“Know how to solve every problem that has been solved.” “What I cannot create, I do not understand.” — Richard Feynman

Stable Softmax

Interview Prep

Warm-upML Engineeringmlnumerics

The problem

Implement $σ (x)_{i} = e^{x_{i}} / \sum_{j} e^{x_{j}}$ so that it returns the correct probabilities even when the inputs are large (say $x_{i} \sim 1 0^{3}$ ). The naive direct translation overflows. Fix it.

Pattern: shift invariance + log-sum-exp

Softmax has the property that it is invariant under additive shifts: $σ (x - c) = σ (x)$ for any scalar $c$ . (Each $e^{x_{i}}$ picks up the same factor $e^{- c}$ , which cancels in the ratio.) So you are free to subtract any $c$ you like before exponentiating, and the standard trick is $c = max_{j} x_{j}$ : now the largest exponent is 0, the rest are negative, and nothing overflows.

This is the canonical "numerical stability" question asked of every ML engineering candidate. The interviewer is looking for: (i) you recognize the overflow problem, (ii) you know the max-subtraction trick, (iii) you can write the batched version that works along an arbitrary axis.

Naive: overflows for large inputs

import numpy as np

def softmax_naive(x: np.ndarray) -> np.ndarray:
    """Mathematically correct, numerically dangerous."""
    e = np.exp(x)
    return e / e.sum()

For float64, $e^{710}$ already overflows. Modern transformer logits can be hundreds in magnitude before the final layer; this code returns NaNs on a basic forward pass.

Stable: subtract the max

import numpy as np

def softmax(x: np.ndarray) -> np.ndarray:
    """Stable softmax: subtract the max before exponentiating."""
    shifted = x - np.max(x)
    e = np.exp(shifted)
    return e / e.sum()

After the shift, the largest exponent is $e^{0} = 1$ and the others are in $(0, 1]$ . The denominator is at least 1 and at most $n$ . No overflow, full precision.

>>> x = np.array([1000., 1001., 1002.])
>>> softmax_naive(x)
RuntimeWarning: overflow encountered in exp
array([nan, nan, nan])
>>> softmax(x)
array([0.09003057, 0.24472847, 0.66524096])

Batched: along an axis

Real ML code rarely operates on a single 1D vector — you're typically given a matrix of logits where each row is a separate distribution. axis=-1 says "softmax each row"; keepdims=True keeps the shape broadcastable.
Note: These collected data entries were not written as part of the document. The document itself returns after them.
lemma walk_states:
  assumes "\<forall>t\<in>set (adjacent_pairs xs). is_turn t" "is_state (hd xs)" "s \<in> set xs"
  shows "is_state s"
proof (cases "s = hd xs")
  case False
  with assms(3) have "s \<in> set (map snd (adjacent_pairs xs))"
    by (cases xs) (auto simp: map_snd_adjacent_pairs)
  then show ?thesis
    using assms(1) is_turn_target by (auto simp: is_state_def)
qed (use assms(2) in simp)

lemma slot_usage_walk_end:
  assumes "distinct xs" "xs \<noteq> []" "\<forall>t\<in>set (adjacent_pairs xs). is_turn t"
    and "last xs = (e, v)" "is_state (e, v)"
  defines "T \<equiv> mset (adjacent_pairs xs)"
  shows "slot_usage T e v = (if (e, opp e v) \<in> set (tl xs) then 1 else 0)"
    and "slot_usage T e (opp e v) = (if (e, opp e v) \<in> set (butlast xs) then 1 else 0)
                                   + (if (e, v) \<in> set (tl xs) then 1 else 0)"
proof -
  have turns: "\<forall>t\<in>#T. is_turn t"
    using assms(3) by (simp add: T_def)
  have "e \<in> E" "v \<in># ends e" "opp e v \<in># ends e"
    using assms(5) ends_eq_opp[of e v] by (auto simp: is_state_def)
  have leaving: "size {#t \<in># T. fst t = s#} = (if s \<in> set (butlast xs) then 1 else 0)" for s
  proof -
    have "count (mset (butlast xs)) s = (if s \<in> set (butlast xs) then 1 else 0)"
      using distinct_butlast[OF assms(1)] distinct_count_atmost_1 by metis
    then show ?thesis
      unfolding T_def size_filter_mset_eq_count_image mset_map[symmetric] map_fst_adjacent_pairs .
  qed
  have entering: "size {#t \<in># T. snd t = s#} = (if s \<in> set (tl xs) then 1 else 0)" for s
  proof -
    have "count (mset (tl xs)) s = (if s \<in> set (tl xs) then 1 else 0)"
      using distinct_tl[OF assms(1)] distinct_count_atmost_1 by metis
    then show ?thesis
      unfolding T_def size_filter_mset_eq_count_image mset_map[symmetric] map_snd_adjacent_pairs .
  qed
  have "last xs \<notin> set (butlast xs)"
    using assms(1,2) by (metis append_butlast_last_id distinct_append disjoint_iff list.set_intros(1))
  then show "slot_usage T e v = (if (e, opp e v) \<in> set (tl xs) then 1 else 0)"
    using slot_usage_eq[OF turns \<open>e \<in> E\<close> \<open>v \<in># ends e\<close>] leaving entering assms(4) by simp
  show "slot_usage T e (opp e v) = (if (e, opp e v) \<in> set (butlast xs) then 1 else 0)
                                   + (if (e, v) \<in> set (tl xs) then 1 else 0)"
    using slot_usage_eq[OF turns \<open>e \<in> E\<close> \<open>opp e v \<in># ends e\<close>] leaving entering
      opp_opp[OF \<open>e \<in> E\<close> \<open>v \<in># ends e\<close>] by simp
qed

text \<open>The end of a budgeted walk never exhausts its slot: an earlier passage through the edge
  of the last state consumed capacity at both of its ends, and the first edge has positive weight.\<close>

lemma slot_usage_walk_end_less:
  assumes walk: "budgeted_walk xs" "xs \<noteq> []" and last: "last xs = (e, v)" "is_state (e, v)"
    and start: "w (fst (hd xs)) > 0"
  defines "T \<equiv> mset (adjacent_pairs xs)"
  shows "slot_usage T e v < count (inc v) e * w e"
proof -
  let ?u = "opp e v"
  have "e \<in> E" "v \<in># ends e" and ends_e: "ends e = {#v, ?u#}"
    using last(2) ends_eq_opp[of e v] by (auto simp: is_state_def)
  then have "v \<in> V" "?u \<in> V" "e \<in># inc v" "e \<in># inc ?u"
    using ends_subset[OF \<open>e \<in> E\<close>] by (auto simp: mem_inc_iff)
  have count_e: "count (inc v) e = (if ?u = v then 2 else 1)" "count (inc ?u) e = (if ?u = v then 2 else 1)"
    using ends_e \<open>e \<in> E\<close> by (auto simp: count_inc)
  have turns: "\<forall>t\<in>#T. is_turn t" and "within_budget T"
    using walk by (auto simp: budgeted_walk_def T_def)
  have cap_v: "slot_usage T e v \<le> count (inc v) e * w e"
    and cap_u: "slot_usage T e ?u \<le> count (inc ?u) e * w e"
    using slot_usage_le_capacity[OF turns \<open>within_budget T\<close>] \<open>v \<in> V\<close> \<open>?u \<in> V\<close>
      \<open>e \<in># inc v\<close> \<open>e \<in># inc ?u\<close> by blast+
  have usage_v: "slot_usage T e v = (if (e, ?u) \<in> set (tl xs) then 1 else 0)"
    and usage_u: "slot_usage T e ?u = (if (e, ?u) \<in> set (butlast xs) then 1 else 0)
                                      + (if (e, v) \<in> set (tl xs) then 1 else 0)"
    using slot_usage_walk_end[OF _ walk(2) _ last] walk(1) unfolding T_def budgeted_walk_def by blast+
  have last_in_tl: "(e, v) \<in> set (tl xs)" if "tl xs \<noteq> []"
    using that last(1) by (metis last_in_set last_tl)
  show ?thesis
  proof (cases "(e, ?u) \<in> set (tl xs)")
    case False
    have "w e > 0"
    proof (cases "tl xs = []")
      case True
      then have "hd xs = (e, v)"
        using walk(2) last(1) by (metis last_ConsL list.collapse)
      then show ?thesis
        using start by simp
    next
      case False
      then show ?thesis
        using cap_u usage_u last_in_tl by (cases "w e") auto
    qed
    then show ?thesis
      using False usage_v count_e by simp
  next
    case True
    then have "tl xs \<noteq> []"
      by auto
    show ?thesis
    proof (cases "?u = v")
      case True
      then show ?thesis
        using cap_v usage_v count_e \<open>(e, ?u) \<in> set (tl xs)\<close> by (cases "w e") auto
    next
      case False
      have "(e, ?u) \<in> set xs"
        using \<open>(e, ?u) \<in> set (tl xs)\<close> by (cases xs) auto
      then have "(e, ?u) \<in> set (butlast xs)"
        using False last(1) walk(2) by (metis append_butlast_last_id prod.inject rotate1.simps(2) set_ConsD set_rotate1)
      then show ?thesis
        using cap_u usage_u usage_v count_e False last_in_tl[OF \<open>tl xs \<noteq> []\<close>] \<open>(e, ?u) \<in> set (tl xs)\<close>
        by simp
    qed
  qed
qed

lemma budgeted_walk_extends:
  assumes walk: "budgeted_walk xs" "xs \<noteq> []" and last: "last xs = (e, v)" "is_state (e, v)"
    and start: "w (fst (hd xs)) > 0"
  defines "T \<equiv> mset (adjacent_pairs xs)"
  obtains e' where "is_turn ((e, v), (e', opp e' v))" "within_budget (add_mset ((e, v), (e', opp e' v)) T)"
proof -
  have "e \<in> E" "v \<in># ends e"
    using last(2) by (auto simp: is_state_def)
  then have "v \<in> V" "e \<in># inc v"
    using ends_subset by (auto simp: mem_inc_iff)
  have turns: "\<forall>t\<in>#T. is_turn t" and budget: "within_budget T"
    using walk by (auto simp: budgeted_walk_def T_def)
  have "count (inc v) e * (\<Sum>z\<in>set_mset (inc v). turns_avoiding T v z) < turns_avoiding T v e + count (inc v) e * w e"
    using slot_usage_walk_end_less[OF assms(1-5)] slot_usage_add_turns_avoiding[OF turns \<open>e \<in># inc v\<close>]
      turns_at_eq_sum_turns_avoiding[OF turns] unfolding T_def by simp
  moreover have "\<forall>z\<in>#inc v. 2 * turns_avoiding T v z \<le> count (inc v) z * ((\<Sum>x\<in>#inc v. w x) - 2 * w z)"
    using budget \<open>v \<in> V\<close> by (simp add: within_budget_def)
  ultimately obtain z where "z \<in># inc v" "e \<in># inc v - {#z#}"
    and slack: "2 * (turns_avoiding T v z + 1) \<le> count (inc v) z * ((\<Sum>x\<in>#inc v. w x) - 2 * w z)"
    using exists_turn_with_slack[OF size_inc[OF \<open>v \<in> V\<close>] \<open>e \<in># inc v\<close> w_admissible[OF \<open>v \<in> V\<close>],
        of "turns_avoiding T v"] by blast
  moreover obtain K where K: "inc v - {#z#} = add_mset e K"
    using \<open>e \<in># inc v - {#z#}\<close> multi_member_split by metis
  moreover have "size K = 1"
    using arg_cong[OF K, of size] size_inc[OF \<open>v \<in> V\<close>] \<open>z \<in># inc v\<close> by (simp add: size_Diff_singleton)
  then obtain e' where "K = {#e'#}"
    using size_1_singleton_mset by blast
  ultimately have inc_v: "inc v = add_mset z {#e, e'#}"
    by (metis add_mset_add_single insert_DiffM)
  then have "e' \<in> E" "v \<in># ends e'"
    using mem_inc_iff[of e' v] by auto
  then have turn: "is_turn ((e, v), (e', opp e' v))"
    using \<open>v \<in> V\<close> inc_v ends_eq_opp by (simp add: is_turn_def)
  have avoiding_z: "turns_avoiding (add_mset ((e, v), (e', opp e' v)) T) v z = turns_avoiding T v z + 1"
    using inc_v by (simp add: turns_avoiding_def del: filter_mset_add_mset)
  have "within_budget (add_mset ((e, v), (e', opp e' v)) T)"
    unfolding within_budget_def
  proof (intro ballI)
    fix y x assume "y \<in> V" "x \<in># inc y"
    show "2 * turns_avoiding (add_mset ((e, v), e', opp e' v) T) y x \<le> count (inc y) x * ((\<Sum>x\<in>#inc y. w x) - 2 * w x)"
    proof (cases "y = v \<and> inc y = add_mset x {#e, e'#}")
      case True
      then have "inc v = add_mset x {#e, e'#}"
        by auto
      then have "add_mset x {#e, e'#} = add_mset z {#e, e'#}"
        using inc_v by (simp only:)
      then have "x = z"
        by (simp only: add_mset_eq_add_mset_same_iff)
      then show ?thesis
        using True slack avoiding_z by simp
    next
      case False
      then show ?thesis
        using budget \<open>y \<in> V\<close> \<open>x \<in># inc y\<close> by (auto simp: within_budget_def turns_avoiding_def)
    qed
  qed
  with turn that show ?thesis
    by blast
qed

definition budgeted_tour :: "(('e \<times> 'v) \<times> ('e \<times> 'v)) multiset \<Rightarrow> bool" where
  "budgeted_tour C \<longleftrightarrow> C \<noteq> {#} \<and> (\<forall>t\<in>#C. is_turn t) \<and> within_budget C
     \<and> image_mset snd C = image_mset fst C \<and> (\<forall>s. count (image_mset fst C) s \<le> 1)"

text \<open>A longest budgeted walk from a state on an edge of positive weight can still be extended by
  a budgeted turn; by maximality the turn returns to a state of the walk, closing a tour.\<close>

lemma exists_budgeted_tour:
  assumes "is_state s\<^sub>0" "w (fst s\<^sub>0) > 0"
  obtains C where "budgeted_tour C"
proof -
  define P where "P xs \<longleftrightarrow> budgeted_walk xs \<and> xs \<noteq> [] \<and> hd xs = s\<^sub>0" for xs
  have "P [s\<^sub>0]"
    by (simp add: P_def budgeted_walk_def adjacent_pairs_def within_budget_def turns_avoiding_def)
  moreover have "length xs < Suc (card (Collect is_state))" if "P xs" for xs
  proof -
    have "set xs \<subseteq> Collect is_state"
      using that walk_states assms(1) by (auto simp: P_def budgeted_walk_def)
    moreover have "length xs = card (set xs)"
      using that by (simp add: P_def budgeted_walk_def distinct_card)
    ultimately show ?thesis
      using card_mono[OF finite_states, of "set xs"] by simp
  qed
  ultimately obtain xs where "P xs" and longest: "\<And>ys. P ys \<Longrightarrow> length ys \<le> length xs"
    using ex_has_greatest_nat[of P "[s\<^sub>0]" length] by blast
  then have walk: "budgeted_walk xs" "xs \<noteq> []" and "hd xs = s\<^sub>0"
    by (auto simp: P_def)
  obtain e v where last: "last xs = (e, v)"
    by (metis surj_pair)
  moreover have "is_state (e, v)"
    using walk_states[of xs, OF _ _ last_in_set[OF walk(2)]] walk assms(1) \<open>hd xs = s\<^sub>0\<close> last
    by (simp add: budgeted_walk_def)
  ultimately obtain e' where turn: "is_turn ((e, v), (e', opp e' v))"
    and budget: "within_budget (add_mset ((e, v), (e', opp e' v)) (mset (adjacent_pairs xs)))"
    using budgeted_walk_extends[OF walk] assms(2) \<open>hd xs = s\<^sub>0\<close> by metis
  define s where "s = (e', opp e' v)"
  have "s \<in> set xs"
  proof (rule ccontr)
    assume "s \<notin> set xs"
    then have "P (xs @ [s])"
      using walk \<open>hd xs = s\<^sub>0\<close> turn budget last
      by (auto simp: P_def budgeted_walk_def adjacent_pairs_snoc s_def)
    then show False
      using longest by fastforce
  qed
  then obtain i where i: "i < length xs" "xs ! i = s"
    by (auto simp: in_set_conv_nth)
  define C where "C = add_mset (last xs, xs ! i) (mset (drop i (adjacent_pairs xs)))"
  have "C \<subseteq># add_mset ((e, v), s) (mset (adjacent_pairs xs))"
    using i last by (simp add: C_def) (metis append_take_drop_id mset_append mset_subset_eq_add_right)
  then have "within_budget C"
    using budget by (simp add: s_def within_budget_subset)
  moreover have "\<forall>t\<in>#C. is_turn t"
    using walk turn last i by (auto simp: C_def s_def budgeted_walk_def dest: in_set_dropD)
  moreover have "image_mset fst C = mset (drop i xs)" "image_mset snd C = mset (drop i xs)"
    using lasso_cycle[OF walk(2) i(1)] by (simp_all add: C_def)
  moreover have "distinct (drop i xs)"
    using walk by (simp add: budgeted_walk_def)
  ultimately have "budgeted_tour C"
    by (auto simp: budgeted_tour_def C_def distinct_count_atmost_1)
  then show ?thesis
    using that by blast
qed

section \<open>Tours give small summands\<close>

definition tour_weight :: "(('e \<times> 'v) \<times> ('e \<times> 'v)) multiset \<Rightarrow> 'e \<Rightarrow> nat" where
  "tour_weight C e = size {#s \<in># image_mset fst C. fst s = e#}"

lemma tour_states:
  assumes "budgeted_tour C" "s \<in># image_mset fst C"
  shows "is_state s"
proof -
  have "s \<in># image_mset snd C"
    using assms by (simp add: budgeted_tour_def)
  then show ?thesis
    using assms(1) is_turn_target by (auto simp: budgeted_tour_def is_state_def)
qed

lemma tour_weight_eq:
  assumes "budgeted_tour C" "e \<in> E" "v \<in># ends e"
  defines "F \<equiv> image_mset fst C"
  shows "tour_weight C e = (if opp e v = v then count F (e, v) else count F (e, v) + count F (e, opp e v))"
proof -
  have "{#s \<in># F. fst s = e#} = {#s \<in># F. s = (e, v) \<or> s = (e, opp e v)#}"
  proof (rule filter_mset_cong[OF refl])
    fix s assume "s \<in># F"
    then have "is_state s"
      using tour_states[OF assms(1)] by (simp add: F_def)
    then have "snd s = v \<or> snd s = opp e v" if "fst s = e"
      using ends_eq_opp[OF assms(2,3)] that by (auto simp: is_state_def)
    then show "fst s = e \<longleftrightarrow> s = (e, v) \<or> s = (e, opp e v)"
      by (cases s) auto
  qed
  then show ?thesis
    by (simp add: tour_weight_def F_def size_filter_mset_eq_or)
qed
def softmax_batch(X: np.ndarray, axis: int = -1) -> np.ndarray:
    """Stable softmax along an arbitrary axis (rows of a batched logit matrix)."""
    shifted = X - np.max(X, axis=axis, keepdims=True)
    e = np.exp(shifted)
    return e / e.sum(axis=axis, keepdims=True)

Bonus: log-softmax

For cross-entropy loss, you really want log(softmax(x)), not softmax(x) followed by a log. Combining them via the log-sum-exp identity avoids one round of exp+log and is even more numerically friendly:

lo g σ (x)_{i} = x_{i} - lo g j \sum e^{x_{j}} = (x_{i} - m) - lo g j \sum e^{x_{j} - m}

def log_softmax(x: np.ndarray) -> np.ndarray:
    """log-softmax via log-sum-exp. Even more numerically friendly for
    downstream cross-entropy."""
    m = np.max(x)
    return x - m - np.log(np.exp(x - m).sum())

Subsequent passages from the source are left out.